Working with Spark SQL
Using SparkSession you can access Spark SQL capabilities in Apache Spark. In order to use SQL features first, you need to create a temporary view in Spark. Once you have a temporary view you can run any ANSI SQL queries using spark.sql() method.
// Spark SQL
df.createOrReplaceTempView("sample_table")
val df2 = spark.sql("SELECT _1,_2 FROM sample_table")
df2.show()
// Create Hive table & query it.
spark.table("sample_table").write.saveAsTable("sample_hive_table")
val df3 = spark.sql("SELECT _1,_2 FROM sample_hive_table")
df3.show()
Getting the first value from spark.sql
df.first
Create empty DataFrame
val df = spark.emptyDataFrame
How to read a csv with Spark.
To read a csv file you can use the structure spark.read.csv("path")
or spark.read.format("csv").load("path")
you can read a CSV file with fields delimited by pipe, comma, tab into a Spark DataFrame.
Let us consider that you have an environment variable of spark ,caleed SPARK_HOME and there you have a csv that you want to read.
val SPARK_HOME=sys.env("SPARK_HOME")
val FILE ="\\python\\test_support\\sql\\ages.csv" // Windows
//val FILE ="/python/test_support/sql/ages.csv" // Unix
val PATH =SPARK_HOME+FILE
you copy and paste the previous command
execute them and then
val df = spark.read.csv(PATH)
you will get something like
That means that you could read the file, you can verify by typing
df.show()
We can specify the delimiter character by adding the method .option( "delimiter", "," )
val df = spark.read.option( "delimiter", "," ).csv(PATH)
As we see, this csv does not have header and we did not indicated which delimiter was used.
val colum_names = Seq("name","id")// this is example define exact number of columns
val dfWithHeader = df.toDF(colum_names:_*)
Other way to read csv files
During the first versions of spark we can create an SQLContext in Spark shell by passing a default SparkContext object (sc) as a parameter to the SQLContext constructor.
val sqlcontext = new org.apache.spark.sql.SQLContext(sc)
Since the 2.0 the SQLContext() constructor has been deprecated and recommend to use sqlContext method from SparkSession for example spark.sqlContext
val sqlContext = spark.sqlContext
for example reading a csv with sqlContext
val sqlContext = spark.sqlContext
//read csv with options
val df = sqlContext.read.options(Map("inferSchema"->"true","delimiter"->",","header"->"true")).csv(PATH)
df.show()
df.printSchema()
df.createOrReplaceTempView("TAB")
sqlContext.sql("select * from TAB").show(false)
Read CSV files from a directory into RDD
val rddFromFile = spark.sparkContext.textFile(PATH)
println(rddFromFile.getClass)
Get data Using collect
rddFromFile.collect().foreach(f=>{
println(f)
})
Get the first line
scala> rddFromFile.first()
you obtain
res8: String = Joe,20
If you are interested to convert to each row as array
scala> var rdd = rddFromFile.map(p => p.replace("\\n","").split(",",-1))
you got
rdd: org.apache.spark.rdd.RDD[Array[String]] = MapPartitionsRDD[15] at map at <console>:27
As you see you have created a MapPartitionsRDD becuase you used a mapPartition transformation. and finally you get the each array for each row.
rdd.first()
like this
res7: Array[String] = Array(Joe, 20)
Empty Dataframe with no schema
Here we will create an empty dataframe with does not have any schema/columns.
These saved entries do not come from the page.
theorem mainTheorem14:
  fixes M :: "'a measure" and u :: "'a \<Rightarrow> real \<Rightarrow> real"
  assumes "prob_space M"
    and rcll: "\<And>\<omega>. \<omega> \<in> space M \<Longrightarrow>
        (\<forall>x. continuous (at_right x) (u \<omega>)) \<and> (\<forall>x. \<exists>l. (u \<omega> \<longlongrightarrow> l) (at_left x))"
    and mono: "\<And>\<omega>. \<omega> \<in> space M \<Longrightarrow> mono (u \<omega>)"
    and zero: "\<And>\<omega>. \<omega> \<in> space M \<Longrightarrow> u \<omega> 0 = 0"
    and integ: "\<And>x. integrable M (\<lambda>\<omega>. u \<omega> x)"
    and cont_below: "\<And>fs f. (\<And>n. fs n \<in> Linfty M) \<Longrightarrow> f \<in> Linfty M \<Longrightarrow>
        (\<And>\<omega>. \<omega> \<in> space M \<Longrightarrow> incseq (\<lambda>n. fs n \<omega>)) \<Longrightarrow>
        (\<And>\<omega>. \<omega> \<in> space M \<Longrightarrow> (\<lambda>n. fs n \<omega>) \<longlonglongrightarrow> f \<omega>) \<Longrightarrow>
        (\<lambda>n. T_u M u (fs n)) \<longlonglongrightarrow> T_u M u f"
  shows "{\<omega> \<in> space M. continuous_on UNIV (u \<omega>)} \<in> sets M
    \<and> measure M {\<omega> \<in> space M. continuous_on UNIV (u \<omega>)} = 1"
proof -
  interpret prob_space M by fact
  have rc: "\<And>\<omega> x. \<omega> \<in> space M \<Longrightarrow> continuous (at_right x) (u \<omega>)"
    and left: "\<And>\<omega> x. \<omega> \<in> space M \<Longrightarrow> \<exists>l. (u \<omega> \<longlongrightarrow> l) (at_left x)"
    and um: "\<And>x. (\<lambda>\<omega>. u \<omega> x) \<in> borel_measurable M"
    using rcll integ by auto
  define F where "F q N \<omega> = level_crossing (u \<omega>) (of_rat q) (real N)" for q N \<omega>
  define Q where "Q q N \<omega> \<longleftrightarrow> left_limit (u \<omega>) (F q N \<omega>) = u \<omega> (F q N \<omega>)" for q N \<omega>
  have F: "F q N \<in> Linfty M" for q N
    unfolding F_def by (rule level_crossing_in_Linfty[OF mono rc um of_nat_0_le_iff])
  then have F_meas: "F q N \<in> borel_measurable M" for q N
    unfolding Linfty_def by blast
  have "AE \<omega> in M. \<forall>q N. Q q N \<omega>"
    unfolding Q_def AE_all_countable
    using AE_left_limit_compose_eq[OF rc left mono integ cont_below F] by blast
  moreover have [measurable]: "Measurable.pred M (Q q N)" for q N
    unfolding Q_def
    using borel_measurable_left_limit_compose[OF rc um F_meas]
      borel_measurable_compose_right_continuous[OF rc um F_meas]
    by measurable
  moreover have "{\<omega> \<in> space M. continuous_on UNIV (u \<omega>)} = {\<omega> \<in> space M. \<forall>q N. Q q N \<omega>}"
    using continuous_on_UNIV_iff_left_limit_at_level_crossings[OF mono rc left]
    unfolding Q_def F_def by auto
  ultimately show ?thesis
    by (simp add: prob_eq_1)
qed

end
For this we will use emptyDataframe() method.
Lets us see an example below.
val df: DataFrame =spark.emptyDataFrame
Empty Dataframe with schema
Here we will create an empty dataframe with schema. We will make use of createDataFrame method for creation of dataframe. Just like emptyDataframe here we will make use of emptyRDD[Row] tocreate an empty rdd . We will also create a strytype schema variable. Let us see an example.
val schema = new StructType()
.add("fnm",StringType,false)
.add("lnm",StringType,false)
val df: DataFrame = spark.createDataFrame(spark.sparkContext.emptyRDD[Row],schema)
df.printSchema()
To determine the class of a Scala object, you can use .getClass
,method
df.getClass
Spark Read ORC file
Use Spark DataFrameReader’s orc() method to read ORC file into DataFrame. This supports reading snappy, zlib or no compression, it is not necessary to specify in compression option while reading a ORC file.
Spark 2.x:
spark.read.orc("/tmp/orc/data.orc")
In order to read ORC files from Amazon S3, use the below prefix to the path along with third-party dependencies and credentials.
- s3:\ = > First gen
- s3n:\ => second Gen
- s3a:\ => Third gen
Spark 1.6:
hiveContext.read.orc('tmp/orc/data.orc')
Difference between ShuffledRDD, MapPartitionsRDD and ParallelCollectionRDD
- ShuffledRDD is created while the data is shuffled over the cluster. If you use any transformation(e.g. join,groupBy,repartition, etc.) which shuffles your data it will create a shuffledRDD.
- MapPartitionsRDD will be created when you use mapPartition transformation.
- ParallelCollectionRDD is created when you create the RDD with the collection object.
How to use if conditional in scala
if(Boolean_expression) {
// Statements will execute if the Boolean expression is true
}
How to match multiple conditions (patterns) with one case statement
val cmd = "stop"
cmd match {
case "start" | "go" => println("starting")
case "stop" | "quit" | "exit" => println("stopping")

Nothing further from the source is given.